## [Aim of the exercise]
Which lines below mention "only"? Pick each one out.

## [The data]
section \<open>Polygamma expansion of the even powers\<close>

lemma higher_deriv_csc_pi_pow_expansion:
  assumes w: "w \<notin> \<int>"
  shows "fact (2 * m + 1) * of_real pi ^ (2 * m) * (deriv ^^ (2 * k)) (csc_pi_pow (Suc m)) w =
     (\<Sum>n\<le>m. of_real (esym_sq (Suc m) n) * (4 * of_real pi ^ 2) ^ n *
        (deriv ^^ (2 * (k + m - n))) (csc_pi_pow 1) w)"
proof (induction m arbitrary: k)
  case 0
  thus ?case by simp
next
  case (Suc m)
  define v where "v = Suc m"
  define q :: complex where "q = 4 * of_real pi ^ 2"
  define e where "e a b = complex_of_real (esym_sq a b)" for a b
  define X where "X a j = (deriv ^^ (2 * j)) (csc_pi_pow a) w" for a j
  define D where "D j = X 1 j" for j
  have IH: "fact (2 * m + 1) * of_real pi ^ (2 * m) * X v j = (\<Sum>n\<le>m. e v n * q ^ n * D (j + m - n))" for j
    using Suc.IH[of j] by (simp add: v_def q_def e_def X_def D_def)
  have rec: "X v (Suc k) = of_real pi ^ 2 * of_nat (2 * v * (2 * v + 1)) * X (Suc v) k
      - of_real pi ^ 2 * of_nat ((2 * v)^2) * X v k"
    using higher_deriv_csc_pi_pow_recurrence[OF w, of k v] by (simp add: X_def)
  have "fact (2 * Suc m + 1) * of_real pi ^ (2 * Suc m) * X (Suc v) k =
     fact (2 * m + 1) * of_real pi ^ (2 * m) * (of_real pi ^ 2 * of_nat (2 * v * (2 * v + 1)) * X (Suc v) k)"
    by (simp add: v_def fact_Suc power_add power2_eq_square algebra_simps)
  also have "\<dots> = fact (2 * m + 1) * of_real pi ^ (2 * m) * X v (Suc k)
      + of_real pi ^ 2 * of_nat ((2 * v)^2) * (fact (2 * m + 1) * of_real pi ^ (2 * m) * X v k)"
    by (simp add: rec algebra_simps)
  also have "\<dots> = (\<Sum>n\<le>m. e v n * q ^ n * D (Suc k + m - n))
      + (\<Sum>n\<le>m. of_nat v ^ 2 * e v n * q ^ Suc n * D (k + m - n))"
    unfolding IH by (simp add: sum_distrib_left q_def algebra_simps)
  also have "(\<Sum>n\<le>m. e v n * q ^ n * D (Suc k + m - n)) = (\<Sum>n\<le>Suc m. e v n * q ^ n * D (Suc k + m - n))"
    using esym_sq_eq_0[of v "Suc m"] by (simp add: e_def v_def)
  also have "\<dots> = e v 0 * D (Suc k + m) + (\<Sum>n\<le>m. e v (Suc n) * q ^ Suc n * D (k + m - n))"
    by (subst sum.atMost_Suc_shift) simp
  also have "e v 0 * D (Suc k + m) + (\<Sum>n\<le>m. e v (Suc n) * q ^ Suc n * D (k + m - n))
      + (\<Sum>n\<le>m. of_nat v ^ 2 * e v n * q ^ Suc n * D (k + m - n))
     = e (Suc v) 0 * D (k + Suc m) + (\<Sum>n\<le>m. e (Suc v) (Suc n) * q ^ Suc n * D (k + m - n))"
    by (simp add: e_def v_def esym_sq_Suc sum.distrib algebra_simps)
  also have "\<dots> = (\<Sum>n\<le>Suc m. e (Suc v) n * q ^ n * D (k + Suc m - n))"
    by (subst sum.atMost_Suc_shift) simp
  finally show ?case by (simp add: v_def q_def e_def X_def D_def)
qed

lemma inverse_sin_pow_Polygamma_expansion:
  fixes x :: real
  assumes x: "0 < x" "x < 1"
  shows "fact (2 * r + 1) * pi ^ (2 * r + 2) / sin (pi * x) ^ (2 * r + 2) =
    (\<Sum>n\<le>r. esym_sq (Suc r) n * (2 * pi) ^ (2 * n) *
        (Polygamma (2 * (r - n) + 1) x + Polygamma (2 * (r - n) + 1) (1 - x)))"
proof -
  define w where "w = complex_of_real x"
  have "x \<notin> \<int>"
  proof
    assume "x \<in> \<int>"
    then obtain n where "x = of_int n" by (auto elim: Ints_cases)
    with x show False by auto
  qed
  hence w: "w \<notin> \<int>" by (simp add: w_def)
  have pg: "Polygamma n (of_real x) = of_real (Polygamma n x)"
      "Polygamma n (1 - of_real x) = (of_real (Polygamma n (1 - x)) :: complex)" for n
    using Polygamma_of_real[of x n] Polygamma_of_real[of "1 - x" n] x by simp_all
  have scale: "of_real pi ^ 2 * (c * (4 * of_real pi ^ 2) ^ n * (P / of_real pi ^ 2)) =
      c * (2 * of_real pi) ^ (2 * n) * P" for c P :: complex and n
    by (simp add: power_mult power_mult_distrib)
  have "fact (2 * r + 1) * of_real pi ^ (2 * r + 2) * csc_pi_pow (Suc r) w =
      of_real pi ^ 2 * (fact (2 * r + 1) * of_real pi ^ (2 * r) * csc_pi_pow (Suc r) w)"
    by (simp add: power_add power2_eq_square mult_ac)
  also have "\<dots> = of_real pi ^ 2 * (\<Sum>n\<le>r. of_real (esym_sq (Suc r) n) * (4 * of_real pi ^ 2) ^ n *
      ((Polygamma (2 * (r - n) + 1) w + Polygamma (2 * (r - n) + 1) (1 - w)) / of_real pi ^ 2))"
    using higher_deriv_csc_pi_pow_expansion[OF w, of r 0] unfolding higher_deriv_csc_pi_pow_1[OF w] by simp
  also have "\<dots> = (\<Sum>n\<le>r. of_real (esym_sq (Suc r) n) * (2 * of_real pi) ^ (2 * n) *
      (Polygamma (2 * (r - n) + 1) w + Polygamma (2 * (r - n) + 1) (1 - w)))"
    by (simp only: sum_distrib_left scale)
  finally have "of_real (fact (2 * r + 1) * pi ^ (2 * r + 2) / sin (pi * x) ^ (2 * r + 2)) =
     (of_real (\<Sum>n\<le>r. esym_sq (Suc r) n * (2 * pi) ^ (2 * n) *
        (Polygamma (2 * (r - n) + 1) x + Polygamma (2 * (r - n) + 1) (1 - x))) :: complex)"
    by (simp add: pg csc_pi_pow_def w_def divide_inverse flip: sin_of_real)
  thus ?thesis by (simp only: of_real_eq_iff)
qed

## [Result of this exercise]
    by (simp only: sum_distrib_left scale)
  thus ?thesis by (simp only: of_real_eq_iff)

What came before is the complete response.